General characteristics
- Type: Oil Fuel Lighter
- Length: 156 ft (48 m)
- Beam: 30 ft (9.1 m)
- Depth: 14 ft (4.3 m)
- Capacity: 550 tons

= 500-ton Oil Fuel Lighter =

The 500-ton Oil Fuel Lighter was a class of oil fuel lighters built for the Royal Australian Navy between 1913 and 1916.

==Design==
The lighters were 156 ft in length, 14 ft depth and 30 ft breadth and cost about £18,000 each to build. The hull included 10 oil tanks, separated by air spaces and cofferdams, which held a capacity of 550 tons of liquid fuel oil. Sleeping accommodation and a saloon were also provided in the forward portion.
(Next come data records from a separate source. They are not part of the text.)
(* Let $f$ be a scale mixture of normals density with shape parameter $\delta\in\Delta$. Consider the accelerated failure time model $y_j=\log(T_j)={\bf x}_j^\top\bm\beta+\varepsilon_j$, $j=1,\dots,n$, for survival times $T_1,\dots,T_n$, where $\bm\beta\in\mathbb{R}^p$, ${\bf X}=({\bf x}_1^\top,\dots,{\bf x}_n^\top)^\top$ is a known $n\times p$ design matrix of full column rank, and $\varepsilon_j\stackrel{i.i.d.}{\sim}\mathrm{TP}(0,\sigma,\delta,\gamma;f)$, with prior $\pi(\bm\beta,\sigma,\delta,\gamma)\propto\pi(\gamma)\pi(\delta)/\sigma^{q}$, $q\ge0$, $\pi(\gamma),\pi(\delta)$ proper. Suppose that $n_c\le n$ of the survival times are censored and $n_o=n-n_c$ are observed, and let ${\bf y}_o$ denote the uncensored (log) observations and ${\bf X}_o$ the corresponding design submatrix. If the posterior distribution of $(\bm\beta,\sigma,\delta,\gamma)$ based only on the $n_o$ uncensored observations (i.e. on the model for ${\bf y}_o$ with design matrix ${\bf X}_o$ and the same prior) is proper, then the posterior distribution of $(\bm\beta,\sigma,\delta,\gamma)$ based on the full (censored and uncensored) sample is proper.
   Context: A scale mixture of normals density is $f(z\mid\delta)=\int_{\mathbb{R}_+}\tau^{1/2}\phi(\tau^{1/2}z)\,dH(\tau\mid\delta)$ with $\phi$ the standard normal density and $H(\cdot\mid\delta)$ a mixing distribution on $\mathbb{R}_+$. The two-piece distribution $\mathrm{TP}(\mu,\sigma,\delta,\gamma;f)$ has density $g(z)=\frac{2}{\sigma[a(\gamma)+b(\gamma)]}\left[f\!\left(\frac{z-\mu}{\sigma b(\gamma)}\Big|\delta\right)I(z<\mu)+f\!\left(\frac{z-\mu}{\sigma a(\gamma)}\Big|\delta\right)I(z\ge\mu)\right]$, $z\in\mathbb{R}$, with $\mu\in\mathbb{R}$, $\sigma>0$, $\gamma\in\Gamma\subset\mathbb{R}$, and $a(\cdot),b(\cdot)$ given positive functions on $\Gamma$. In the likelihood, an uncensored observation contributes the density $g(y_j-{\bf x}_j^\top\bm\beta)$ (with $\mu=0$) and a censored observation contributes the probability, under this error distribution, that $y_j$ lies in its censoring set (e.g. $(\log T_j,\infty)$ for right censoring, or an interval for interval censoring). The posterior is proper if likelihood times prior has finite integral. *)

theory Defs
  imports "HOL-Probability.Probability"
begin

text \<open>Mixing distributions: a kernel from the shape-parameter space (measure space MD,
  carrier = Delta) to probability distributions on the nonnegative reals.\<close>
definition mixing_kernel :: "'d measure \<Rightarrow> ('d \<Rightarrow> real measure) \<Rightarrow> bool" where
  "mixing_kernel MD H \<longleftrightarrow> H \<in> measurable MD (subprob_algebra borel) \<and>
     (\<forall>\<delta>\<in>space MD. prob_space (H \<delta>) \<and> sets (H \<delta>) = sets borel \<and> emeasure (H \<delta>) {..<0} = 0)"

definition smn_density :: "('d \<Rightarrow> real measure) \<Rightarrow> real \<Rightarrow> 'd \<Rightarrow> ennreal" where
  "smn_density H z \<delta> = (\<integral>\<^sup>+\<tau>. ennreal (sqrt \<tau> * std_normal_density (sqrt \<tau> * z)) \<partial>(H \<delta>))"
(* Let $(X,d)$ be a compact metric space and $\Omega\subset X$ a nonempty open set. Let $f:\overline\Omega\to\mathbb{R}$ be continuous such that $s[f]:\Omega\to\mathbb{R}$ is continuous with $\inf_\Omega s[f]>0$, and set $\ell:=s[f]$. Then $\partial\Omega\neq\emptyset$ and for every $x\in\Omega$, \[ f(x)=\inf\Big\{\int_0^T\ell(\gamma(s))\,ds+f(\gamma(T)) : T>0,\ \gamma\in\mathrm{Lip}_1([0,T],\overline\Omega),\ \gamma(0)=x,\ \gamma(T)\in\partial\Omega,\ \gamma([0,T))\subset\Omega\Big\}. \] Moreover, for every $x\in\Omega$ there is a $1$-Lipschitz curve $\gamma:[0,T]\to\overline\Omega$ attaining this infimum.
   Context: $\mathrm{Lip}_1([0,T],Y)$ denotes the $1$-Lipschitz curves $[0,T]\to Y$. For a function $u$ on a metric space and a point $\bar x$, the local slope is $s[u](\bar x):=\limsup_{x\to\bar x}\frac{\max\{u(\bar x)-u(x),0\}}{d(\bar x,x)}$ (zero if $\bar x$ is isolated); here $s[f]$ is computed for $f$ on the metric space $\overline\Omega$. Convention $\inf\emptyset=+\infty$. *)

theory Defs
  imports "HOL-Analysis.Analysis"
begin

definition local_slope :: "('a::metric_space \<Rightarrow> real) \<Rightarrow> 'a set \<Rightarrow> 'a \<Rightarrow> ereal" where
  "local_slope u S xb =
     (if xb islimpt S
      then Limsup (at xb within S) (\<lambda>x. ereal (max (u xb - u x) 0 / dist xb x))
      else 0)"

definition admissible_curves :: "'a::metric_space set \<Rightarrow> 'a \<Rightarrow> (real \<times> (real \<Rightarrow> 'a)) set" where
  "admissible_curves \<Omega> x =
     {(T, \<gamma>). T > 0 \<and> 1-lipschitz_on {0..T} \<gamma> \<and> \<gamma> ` {0..T} \<subseteq> closure \<Omega> \<and>
              \<gamma> 0 = x \<and> \<gamma> T \<in> frontier \<Omega> \<and> \<gamma> ` {0..<T} \<subseteq> \<Omega>}"

definition curve_cost :: "('a \<Rightarrow> real) \<Rightarrow> ('a \<Rightarrow> real) \<Rightarrow> real \<Rightarrow> (real \<Rightarrow> 'a) \<Rightarrow> ereal" where
  "curve_cost l f T \<gamma> =
     enn2ereal (\<integral>\<^sup>+ s\<in>{0..T}. ennreal (l (\<gamma> s)) \<partial>lborel) + ereal (f (\<gamma> T))"

end

theory Submission
  imports Defs
begin

(* Along an admissible curve the local slope bound gives
   f(gamma s) - f(gamma (s + h)) <= (l(gamma s) + eta) h for small h > 0, and integrating this
   Dini-type inequality yields f x <= cost.  For the converse we run a discrete steepest descent:
   from p, minimise f + c d(p, -) over the ball of radius eps, with c just below inf l on the ball;
   the minimiser cannot be interior, so each step has length eps and lowers f by about c eps.
   As l >= inf l > 0 and f is bounded, these chains leave Omega within a time L independent of
   eps.  The functions into the compact space X form a compact space (Tychonoff), so the
   interpolated chains have a pointwise cluster point gamma as eps -> 0; it is 1-Lipschitz,
   reaches the complement of Omega by time L, and f decreases along it at rate at least l.
   Stopped at its first exit time, gamma is admissible with cost <= f x. *)

section \<open>Integrating one-sided Dini bounds\<close>

lemma local_right_mono_imp_le:
  fixes \<psi> :: "real \<Rightarrow> real"
  assumes ab: "a \<le> b" and cont: "continuous_on {a..b} \<psi>"
    and local_mono: "\<And>s. s \<in> {a..<b} \<Longrightarrow>
      \<exists>\<rho>>0. \<forall>h. 0 < h \<longrightarrow> h < \<rho> \<longrightarrow> s + h \<le> b \<longrightarrow> \<psi> s \<le> \<psi> (s + h)"
  shows "\<psi> a \<le> \<psi> b"
proof -
  define A where "A = {a..b} \<inter> \<psi> -` {\<psi> a..}"
  have "closed A" unfolding A_def
    by (rule continuous_closed_preimage[OF cont]) auto
  moreover have "a \<in> A" "bdd_above A" using ab by (auto simp: A_def bdd_above_def)
  ultimately have "Sup A \<in> A" using closed_contains_Sup by blast
  show ?thesis
  proof (cases "Sup A = b")
    case True
    with \<open>Sup A \<in> A\<close> show ?thesis by (auto simp: A_def)
  next
    case False
    with \<open>Sup A \<in> A\<close> have s: "Sup A \<in> {a..<b}" by (auto simp: A_def)
    then obtain \<rho> where \<rho>: "\<rho> > 0" "\<forall>h. 0 < h \<longrightarrow> h < \<rho> \<longrightarrow> Sup A + h \<le> b \<longrightarrow> \<psi> (Sup A) \<le> \<psi> (Sup A + h)"
      using local_mono by blast
    define h where "h = min (\<rho>/2) (b - Sup A)"
    have h: "0 < h" "h < \<rho>" "Sup A + h \<le> b" using \<rho> s by (auto simp: h_def)
    with \<rho>(2) \<open>Sup A \<in> A\<close> have "Sup A + h \<in> A" by (auto simp: A_def)
    then have "Sup A + h \<le> Sup A" using \<open>bdd_above A\<close> by (rule cSup_upper)
    with h show ?thesis by simp
  qed
qed

lemma integral_le_right_local_bound:
  fixes g :: "real \<Rightarrow> real"
  assumes cont: "continuous_on {a..b} g" and s: "s \<in> {a..<b}" and "\<epsilon> > 0"
  shows "\<exists>\<rho>>0. \<forall>h. 0 < h \<longrightarrow> h < \<rho> \<longrightarrow> s + h \<le> b \<longrightarrow> integral {s..s+h} g \<le> h * (g s + \<epsilon>)"
proof -
  obtain \<rho> where "\<rho> > 0" and \<rho>: "\<forall>y\<in>{a..b}. dist y s < \<rho> \<longrightarrow> dist (g y) (g s) < \<epsilon>"
    using cont s \<open>\<epsilon> > 0\<close> unfolding continuous_on_iff by (metis atLeastAtMost_iff atLeastLessThan_iff less_imp_le)
  have "integral {s..s+h} g \<le> h * (g s + \<epsilon>)" if h: "0 < h" "h < \<rho>" "s + h \<le> b" for h
  proof -
    have "integral {s..s+h} g \<le> integral {s..s+h} (\<lambda>_. g s + \<epsilon>)"
    proof (rule integral_le)
      show "g integrable_on {s..s+h}"
        using integrable_continuous_real[OF cont] integrable_subinterval_real s h by fastforce
      fix y assume "y \<in> {s..s+h}"
      then have "dist (g y) (g s) < \<epsilon>" using \<rho> h s by (auto simp: dist_real_def)
      then show "g y \<le> g s + \<epsilon>" unfolding dist_real_def by linarith
    qed (rule integrable_const_ivl)
    with h show ?thesis by simp
  qed
  with \<open>\<rho> > 0\<close> show ?thesis by blast
qed
(* The left Kan extension $\mathrm{Lan}_{\blacktriangle} \colon \widehat{\Delta} \to \widehat{\overline{\square}}_\vee$ preserves monomorphisms.
   Context: $\mathbf{SLat}$ is the category of (join-)semilattices (sets with an associative, commutative, idempotent binary operation $\vee$) and $\vee$-preserving maps. $\overline{\square}_\vee$ is the full subcategory of $\mathbf{SLat}$ on finite inhabited semilattices whose induced order ($x\le y\iff x\vee y=y$) is a distributive lattice. $\Delta$ is the simplex category of finite nonempty linear orders $[n]$ and monotone maps, and $\blacktriangle\colon \Delta\hookrightarrow\overline{\square}_\vee$ regards $[n]$ as a semilattice with $\vee=\max$. $\widehat{\mathcal C}$ denotes the category of presheaves on $\mathcal C$, and $\mathrm{Lan}_\blacktriangle$ is the left adjoint of restriction along $\blacktriangle$. *)

theory Defs
  imports "HOL-Library.FuncSet"
begin

text \<open>Object [n] is {..n}; a morphism [m] -> [n] is a monotone map, represented
  extensionally (undefined outside {..m}).\<close>

definition delta_hom :: "nat \<Rightarrow> nat \<Rightarrow> (nat \<Rightarrow> nat) \<Rightarrow> bool" where
  "delta_hom m n f \<longleftrightarrow> f \<in> extensional {..m} \<and> (\<forall>i\<le>m. f i \<le> n)
     \<and> (\<forall>i j. i \<le> j \<and> j \<le> m \<longrightarrow> f i \<le> f j)"

definition delta_presheaf ::
  "(nat \<Rightarrow> 'a set) \<Rightarrow> (nat \<Rightarrow> nat \<Rightarrow> (nat \<Rightarrow> nat) \<Rightarrow> 'a \<Rightarrow> 'a) \<Rightarrow> bool" where
  "delta_presheaf X Xm \<longleftrightarrow>
     (\<forall>m n f. delta_hom m n f \<longrightarrow> (\<forall>x\<in>X n. Xm m n f x \<in> X m))
   \<and> (\<forall>n. \<forall>x\<in>X n. Xm n n (\<lambda>i\<in>{..n}. i) x = x)
   \<and> (\<forall>m n p f g. delta_hom m n f \<longrightarrow> delta_hom n p g \<longrightarrow>
        (\<forall>x\<in>X p. Xm m p (compose {..m} g f) x = Xm m n f (Xm n p g x)))"
fun sat :: "bool list \<Rightarrow> (nat \<Rightarrow> nat) \<Rightarrow> fo \<Rightarrow> bool" where
  "sat w \<sigma> FTrue = True"
| "sat w \<sigma> FFalse = False"
| "sat w \<sigma> (Eq s t) = (tm_eval w \<sigma> s = tm_eval w \<sigma> t)"
| "sat w \<sigma> (Less s t) = (tm_eval w \<sigma> s < tm_eval w \<sigma> t)"
| "sat w \<sigma> (Sym t) = (w ! (tm_eval w \<sigma> t - 1))"
| "sat w \<sigma> (Neg p) = (\<not> sat w \<sigma> p)"
| "sat w \<sigma> (Conj p q) = (sat w \<sigma> p \<and> sat w \<sigma> q)"
| "sat w \<sigma> (Disj p q) = (sat w \<sigma> p \<or> sat w \<sigma> q)"
| "sat w \<sigma> (Impl p q) = (sat w \<sigma> p \<longrightarrow> sat w \<sigma> q)"
| "sat w \<sigma> (Exi x p) = (\<exists>a\<in>{1..length w}. sat w (\<sigma>(x := a)) p)"
| "sat w \<sigma> (Alli x p) = (\<forall>a\<in>{1..length w}. sat w (\<sigma>(x := a)) p)"

text \<open>Truth of a sentence in B_w (the assignment is irrelevant for sentences;
  we use the constant assignment to the element 1).\<close>
definition models :: "bool list \<Rightarrow> fo \<Rightarrow> bool" where
  "models w p \<longleftrightarrow> sat w (\<lambda>_. 1) p"

end

theory Submission
  imports Defs
begin

text \<open>For the i-th word of B fix a position p i at which it differs from w. The sentence
  says: for every position x and every tuple y_0, ..., y_(K-1) that encodes an index i in binary
  (bit t set iff y_t = min), if x is position p i + 1 then its letter is that of w. It holds in w,
  and fails in the i-th word of B for x = p i + 1 and the tuple encoding i; the index costs
  K \<approx> log |B| quantifiers.

  "x is position p + 1" is expressed with k \<approx> log n quantifiers by halving distances: a gap
  is at least S iff it cannot be split into two gaps below roughly S/2, and below T iff it cannot
  be split into two gaps of at least roughly T/2. These formulas have the same quantifier
  structure for every p, so the case distinction over the index can be merged branch by branch
  along this common structure, and all cases share the same k quantifiers. In total the sentence
  has 1 + K + k \<le> log n + log |B| + 5 quantifiers.\<close>

lemma tm_eval_cong: "(\<forall>i\<in>tm_vars t. \<sigma> i = \<sigma>' i) \<Longrightarrow> tm_eval w \<sigma> t = tm_eval w \<sigma>' t"
  by (cases t) auto

lemma tm_eval_upd_fresh: "k \<notin> tm_vars t \<Longrightarrow> tm_eval w (\<sigma>(k := c)) t = tm_eval w \<sigma> t"
  by (cases t) auto

lemma tm_eval_in_universe:
  "\<forall>i. \<sigma> i \<in> {1..length w} \<Longrightarrow> tm_eval w \<sigma> t \<in> {1..length w}"
  by (cases t) force+

lemma sat_cong: "(\<forall>i\<in>free_vars \<phi>. \<sigma> i = \<sigma>' i) \<Longrightarrow> sat w \<sigma> \<phi> = sat w \<sigma>' \<phi>"
proof (induction \<phi> arbitrary: \<sigma> \<sigma>')
  case (Exi x p)
  have "sat w (\<sigma>(x := a)) p = sat w (\<sigma>'(x := a)) p" for a
    by (rule Exi.IH) (use Exi.prems in auto)
  then show ?case by simp
next
  case (Alli x p)
  have "sat w (\<sigma>(x := a)) p = sat w (\<sigma>'(x := a)) p" for a
    by (rule Alli.IH) (use Alli.prems in auto)
  then show ?case by simp
qed (simp_all only: sat.simps free_vars.simps ball_Un; metis tm_eval_cong)+

section \<open>Conditionals that share quantifiers\<close>

fun bound_vars :: "fo \<Rightarrow> nat set" where
  "bound_vars (Neg p) = bound_vars p"
| "bound_vars (Conj p q) = bound_vars p \<union> bound_vars q"
| "bound_vars (Disj p q) = bound_vars p \<union> bound_vars q"
| "bound_vars (Impl p q) = bound_vars p \<union> bound_vars q"
| "bound_vars (Exi x p) = insert x (bound_vars p)"
| "bound_vars (Alli x p) = insert x (bound_vars p)"
| "bound_vars _ = {}"

lemma bound_vars_if_nquant_0: "nquant p = 0 \<Longrightarrow> bound_vars p = {}"
  by (induction p) auto

definition cond_fo :: "fo \<Rightarrow> fo \<Rightarrow> fo \<Rightarrow> fo" where
  "cond_fo g p q = Disj (Conj g p) (Conj (Neg g) q)"

(* If g then p else q, sharing the quantifiers of p and q wherever their shapes agree. *)
fun merge_cond :: "fo \<Rightarrow> fo \<Rightarrow> fo \<Rightarrow> fo" where
  "merge_cond g (Neg p) (Neg q) = Neg (merge_cond g p q)"
| "merge_cond g (Conj p1 p2) (Conj q1 q2) = Conj (merge_cond g p1 q1) (merge_cond g p2 q2)"
| "merge_cond g (Exi x p) (Exi y q) =
     (if x = y then Exi x (merge_cond g p q) else cond_fo g (Exi x p) (Exi y q))"
| "merge_cond g p q = cond_fo g p q"

lemma sat_merge_cond:
  "bound_vars p \<inter> free_vars g = {} \<Longrightarrow>
   sat w \<sigma> (merge_cond g p q) \<longleftrightarrow> (if sat w \<sigma> g then sat w \<sigma> p else sat w \<sigma> q)"
proof (induction g p q arbitrary: \<sigma> rule: merge_cond.induct)
  case (3 g x p y q)
  have "sat w (\<sigma>(x := a)) g = sat w \<sigma> g" for a
    using "3.prems" by (intro sat_cong) auto
  with 3 show ?case by (auto simp: cond_fo_def)
qed (auto simp: cond_fo_def Int_Un_distrib2)

lemma free_vars_merge_cond: "free_vars (merge_cond g p q) \<subseteq> free_vars g \<union> free_vars p \<union> free_vars q"
  by (induction g p q rule: merge_cond.induct) (auto simp: cond_fo_def)

lemma bound_vars_merge_cond: "bound_vars (merge_cond g p q) \<subseteq> bound_vars g \<union> bound_vars p \<union> bound_vars q"
  by (induction g p q rule: merge_cond.induct) (auto simp: cond_fo_def)

fun skeletal :: "fo \<Rightarrow> bool" where
  "skeletal (Neg p) = skeletal p"
| "skeletal (Conj p q) = (skeletal p \<and> skeletal q)"
| "skeletal (Exi x p) = skeletal p"
| "skeletal p = (nquant p = 0)"

(* Quantifier-free subformulas collapse to FTrue, so they never prevent merging. *)
fun skeleton :: "fo \<Rightarrow> fo" where
  "skeleton (Neg p) = (if nquant p = 0 then FTrue else Neg (skeleton p))"
| "skeleton (Conj p q) = (if nquant p + nquant q = 0 then FTrue else Conj (skeleton p) (skeleton q))"
| "skeleton (Exi x p) = Exi x (skeleton p)"
| "skeleton p = FTrue"

lemma skeletal_if_nquant_0: "nquant p = 0 \<Longrightarrow> skeletal p"
  by (induction p) auto

lemma skeleton_eq_FTrue_iff: "skeletal p \<Longrightarrow> skeleton p = FTrue \<longleftrightarrow> nquant p = 0"
  by (induction p) auto

lemma skeleton_if_nquant_0: "nquant p = 0 \<Longrightarrow> skeleton p = FTrue"
  using skeleton_eq_FTrue_iff skeletal_if_nquant_0 by blast

lemma nquant_skeleton: "skeletal p \<Longrightarrow> nquant (skeleton p) = nquant p"
  by (induction p) auto

lemma nquant_merge_cond_0:
  "nquant g = 0 \<Longrightarrow> nquant p = 0 \<Longrightarrow> nquant q = 0 \<Longrightarrow> nquant (merge_cond g p q) = 0"
  by (induction g p q rule: merge_cond.induct) (auto simp: cond_fo_def)

lemma skeleton_merge_cond:
  assumes "skeletal p" "skeletal q" "skeleton p = skeleton q" "nquant g = 0"
  shows "skeletal (merge_cond g p q) \<and> skeleton (merge_cond g p q) = skeleton p"
  using assms
proof (induction g p q rule: merge_cond.induct)
  case (1 g p q)
  show ?case
  proof (cases "nquant p = 0")
    case True
    then have "nquant q = 0"
      using "1.prems" skeleton_eq_FTrue_iff by (auto split: if_splits)
    with True "1.prems" show ?thesis
      using nquant_merge_cond_0 skeletal_if_nquant_0 by auto
  next
    case False
    then have "skeleton p = skeleton q"
      using "1.prems" skeleton_eq_FTrue_iff by (auto split: if_splits)
    with "1.prems" "1.IH" have m: "skeletal (merge_cond g p q)" "skeleton (merge_cond g p q) = skeleton p"
      by auto
    then have "nquant (merge_cond g p q) = nquant p"
      using "1.prems"(1) nquant_skeleton by (metis skeletal.simps(1))
    with m False show ?thesis by simp
  qed
next
  case (2 g p1 p2 q1 q2)
  then have "skeleton p1 = skeleton q1" "skeleton p2 = skeleton q2"
    by (auto simp: skeleton_if_nquant_0 split: if_splits)
  with "2.prems" have "skeletal (merge_cond g p1 q1) \<and> skeleton (merge_cond g p1 q1) = skeleton p1"
    and "skeletal (merge_cond g p2 q2) \<and> skeleton (merge_cond g p2 q2) = skeleton p2"
    by (simp_all add: "2.IH")
  moreover from this have "nquant (merge_cond g p1 q1) = nquant p1" "nquant (merge_cond g p2 q2) = nquant p2"
    using "2.prems"(1) nquant_skeleton by (metis skeletal.simps(2))+
  ultimately show ?case using "2.prems"(1) by simp
qed (auto simp: cond_fo_def skeleton_if_nquant_0 split: if_splits, (metis skeleton_eq_FTrue_iff)+)

definition cases_fo :: "('a \<Rightarrow> fo) \<Rightarrow> ('a \<Rightarrow> fo) \<Rightarrow> 'a list \<Rightarrow> fo \<Rightarrow> fo" where
  "cases_fo g th is d = foldr (\<lambda>i. merge_cond (g i) (th i)) is d"

lemma sat_cases_fo_all:
  "\<forall>i\<in>set is. bound_vars (th i) \<inter> free_vars (g i) = {} \<Longrightarrow> \<forall>i\<in>set is. sat w \<sigma> (th i) \<Longrightarrow>
   sat w \<sigma> d \<Longrightarrow> sat w \<sigma> (cases_fo g th is d)"
  by (induction "is") (auto simp: cases_fo_def sat_merge_cond)

lemma sat_cases_fo_select:
  assumes "\<forall>i\<in>set is. bound_vars (th i) \<inter> free_vars (g i) = {}" "j \<in> set is"
    and "\<forall>i\<in>set is. sat w \<sigma> (g i) \<longleftrightarrow> i = j"
  shows "sat w \<sigma> (cases_fo g th is d) \<longleftrightarrow> sat w \<sigma> (th j)"
  using assms by (induction "is") (auto simp: cases_fo_def sat_merge_cond)

lemma free_vars_cases_fo:
  "free_vars (cases_fo g th is d) \<subseteq> free_vars d \<union> (\<Union>i\<in>set is. free_vars (g i) \<union> free_vars (th i))"
  using free_vars_merge_cond by (induction "is") (simp_all add: cases_fo_def, blast)

lemma skeleton_cases_fo:
  assumes "\<forall>i\<in>set is. skeletal (th i) \<and> skeleton (th i) = skeleton d \<and> nquant (g i) = 0" "skeletal d"
  shows "skeletal (cases_fo g th is d) \<and> skeleton (cases_fo g th is d) = skeleton d"
  using assms skeleton_merge_cond by (induction "is") (simp_all add: cases_fo_def)

definition alls :: "nat list \<Rightarrow> fo \<Rightarrow> fo" where
  "alls xs \<phi> = foldr Alli xs \<phi>"

lemma nquant_alls: "nquant (alls xs \<phi>) = length xs + nquant \<phi>"
  by (induction xs) (auto simp: alls_def)

lemma free_vars_alls: "free_vars (alls xs \<phi>) = free_vars \<phi> - set xs"
  by (induction xs) (auto simp: alls_def)

lemma sat_alls:
  "sat w \<sigma> (alls xs \<phi>) \<longleftrightarrow>
   (\<forall>\<sigma>'. (\<forall>i. i \<notin> set xs \<longrightarrow> \<sigma>' i = \<sigma> i) \<longrightarrow> (\<forall>i\<in>set xs. \<sigma>' i \<in> {1..length w}) \<longrightarrow> sat w \<sigma>' \<phi>)"
proof (induction xs arbitrary: \<sigma>)
  case Nil
  then show ?case by (auto simp: alls_def)
next
  case (Cons x xs)
  show ?case
  proof
    assume all: "sat w \<sigma> (alls (x # xs) \<phi>)"
    show "\<forall>\<sigma>'. (\<forall>i. i \<notin> set (x # xs) \<longrightarrow> \<sigma>' i = \<sigma> i) \<longrightarrow> (\<forall>i\<in>set (x # xs). \<sigma>' i \<in> {1..length w}) \<longrightarrow> sat w \<sigma>' \<phi>"
    proof (intro allI impI)
      fix \<sigma>' assume agree: "\<forall>i. i \<notin> set (x # xs) \<longrightarrow> \<sigma>' i = \<sigma> i"
        and range: "\<forall>i\<in>set (x # xs). \<sigma>' i \<in> {1..length w}"
      then have "sat w (\<sigma>(x := \<sigma>' x)) (alls xs \<phi>)"
        using all by (simp add: alls_def)
      then show "sat w \<sigma>' \<phi>"
        using Cons.IH agree range by auto
    qed
  next
    assume all: "\<forall>\<sigma>'. (\<forall>i. i \<notin> set (x # xs) \<longrightarrow> \<sigma>' i = \<sigma> i) \<longrightarrow> (\<forall>i\<in>set (x # xs). \<sigma>' i \<in> {1..length w}) \<longrightarrow> sat w \<sigma>' \<phi>"
    have "sat w (\<sigma>(x := a)) (alls xs \<phi>)" if a: "a \<in> {1..length w}" for a
    proof -
      have "sat w \<sigma>' \<phi>" if "\<forall>i. i \<notin> set xs \<longrightarrow> \<sigma>' i = (\<sigma>(x := a)) i"
        and "\<forall>i\<in>set xs. \<sigma>' i \<in> {1..length w}" for \<sigma>'
      proof -
        have "\<forall>i. i \<notin> set (x # xs) \<longrightarrow> \<sigma>' i = \<sigma> i" using that(1) by auto
        moreover have "\<forall>i\<in>set (x # xs). \<sigma>' i \<in> {1..length w}"
          using that a by (cases "x \<in> set xs") auto
        ultimately show ?thesis using all by blast
      qed
      then show ?thesis by (simp add: Cons.IH)
    qed
    then show "sat w \<sigma> (alls (x # xs) \<phi>)" by (simp add: alls_def)
  qed
qed

lemma models_alls:
  assumes "free_vars \<phi> \<subseteq> set xs" "1 \<le> length w"
  shows "models w (alls xs \<phi>) \<longleftrightarrow> (\<forall>\<sigma>. (\<forall>i. \<sigma> i \<in> {1..length w}) \<longrightarrow> sat w \<sigma> \<phi>)"
proof
  assume all: "models w (alls xs \<phi>)"
  show "\<forall>\<sigma>. (\<forall>i. \<sigma> i \<in> {1..length w}) \<longrightarrow> sat w \<sigma> \<phi>"
  proof (intro allI impI)
    fix \<sigma> :: "nat \<Rightarrow> nat" assume "\<forall>i. \<sigma> i \<in> {1..length w}"
    then have "sat w (\<lambda>i. if i \<in> set xs then \<sigma> i else 1) \<phi>"
      using all[unfolded models_def sat_alls, rule_format, of "\<lambda>i. if i \<in> set xs then \<sigma> i else 1"]
      by simp
    moreover have "sat w \<sigma> \<phi> = sat w (\<lambda>i. if i \<in> set xs then \<sigma> i else 1) \<phi>"
      by (rule sat_cong) (use assms(1) in auto)
    ultimately show "sat w \<sigma> \<phi>" by simp
  qed
next
  assume all: "\<forall>\<sigma>. (\<forall>i. \<sigma> i \<in> {1..length w}) \<longrightarrow> sat w \<sigma> \<phi>"
  show "models w (alls xs \<phi>)"
    unfolding models_def sat_alls
  proof (intro allI impI)
    fix \<sigma> :: "nat \<Rightarrow> nat"
    assume "\<forall>i. i \<notin> set xs \<longrightarrow> \<sigma> i = 1" "\<forall>i\<in>set xs. \<sigma> i \<in> {1..length w}"
    then have "\<sigma> i \<in> {1..length w}" for i
      using assms(2) by (cases "i \<in> set xs") auto
    then show "sat w \<sigma> \<phi>" using all by blast
  qed
qed

section \<open>Distances between positions\<close>

definition le_fo :: "tm \<Rightarrow> tm \<Rightarrow> fo" where
  "le_fo s t = Neg (Less t s)"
Two sets of diesel engines with centrifugal pumps discharged the fuel oil from the tanks.

==Oil fuel lighters==
- OFL No. 1, built by Mort's Dock under contract to Cockatoo Island Dockyard, laid down in 1913 and completed in 1916. Caught fire at Stokes Hill Wharf, Darwin during the bombing of Darwin in February 1942.
- OFL No. 2, built by Mort's Dock under contract to Cockatoo Island Dockyard, laid down in 1913 and completed in 1916.
- OFL No. 3, built by Poole and Steel under contract to Cockatoo Island Dockyard, laid down in 1914 and completed in 1915.
- OFL No. 4, built by Poole and Steel under contract to Cockatoo Island Dockyard, laid down in 1914 and completed in 1915.